Yakov Protazanov: Father Sergius (1917)



A movie made in 1917, just before the Russian Revolution. It would have been impossible to make this film in pre-Soviet Russia - it would have been impossible after the Revolution, either. It was a very thin time window when the making of Отец Сергий (Father Sergius) has been possible: in 1917 just before the Revolution. And just a few months after, the existence of this movie was no more tolerated. It had to wait for another two years to be released: in Poland, no more in Russia.

It is the adaptation of a well-known story written by Tolstoi: I had read it longtime ago, I have found it today on the web and read it again. A passionate story about the tragic paradox of human condition, serving your own demons even when trying to serve God.

A young noble, officer in the Russian imperial army, renounces to everything and goes to the monastery. All his ambition to raise in the ranks of society is converted in ardent desire to approach God. After a long, painful struggle for attending holiness he will succumb to the natural call of flash and find out that ambition never comes from God.
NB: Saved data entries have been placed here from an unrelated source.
definition valid_mech :: "nat \<Rightarrow> (nat \<Rightarrow> real) set \<Rightarrow> real \<Rightarrow> (nat \<Rightarrow> nat \<Rightarrow> real) \<Rightarrow> bool" where
  "valid_mech M \<P> D Q \<longleftrightarrow> mechanism M Q \<and>
     (\<forall>P\<in>\<P>. (\<Sum>i=1..M. P i * (1 - Q i i)) \<le> D)"

definition mutual_info :: "nat \<Rightarrow> (nat \<Rightarrow> real) \<Rightarrow> (nat \<Rightarrow> nat \<Rightarrow> real) \<Rightarrow> real" where
  "mutual_info M P Q = (\<Sum>i=1..M. \<Sum>j=1..M.
      (if P i * Q i j = 0 then 0
       else P i * Q i j * ln (Q i j / (\<Sum>k=1..M. P k * Q k j))))"

definition eps_IT :: "nat \<Rightarrow> (nat \<Rightarrow> real) set \<Rightarrow> real \<Rightarrow> real" where
  "eps_IT M \<P> D = (INF Q\<in>{Q. valid_mech M \<P> D Q}. (SUP P\<in>\<P>. mutual_info M P Q))"

end

theory Submission
  imports Defs
begin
At the end the hero will become a foul for the world, a foul for Christ. Will it be the true way this time?

A profoundly religious story about a highly unconventional religious personage - no wonder that the making of this movie would have been impossible in both Tsarist and Soviet Russia.

The director, Yakov Protazanov, was the most important pre-Soviet Russian filmmaker. He made 80 movies between 1911 - 1918. Then he left the country, to come back in 1923. His first Soviet movie was Aelita, in 1924 - a loose adaptation of a SF novel by Aleksey Tolstoi. It is a genial movie. The Soviet censorship hasn't allow its circulation for tens of years. The destiny of great artworks is sometimes very much alike with the life of good Father Sergius: long and painful struggles with horrible adversities.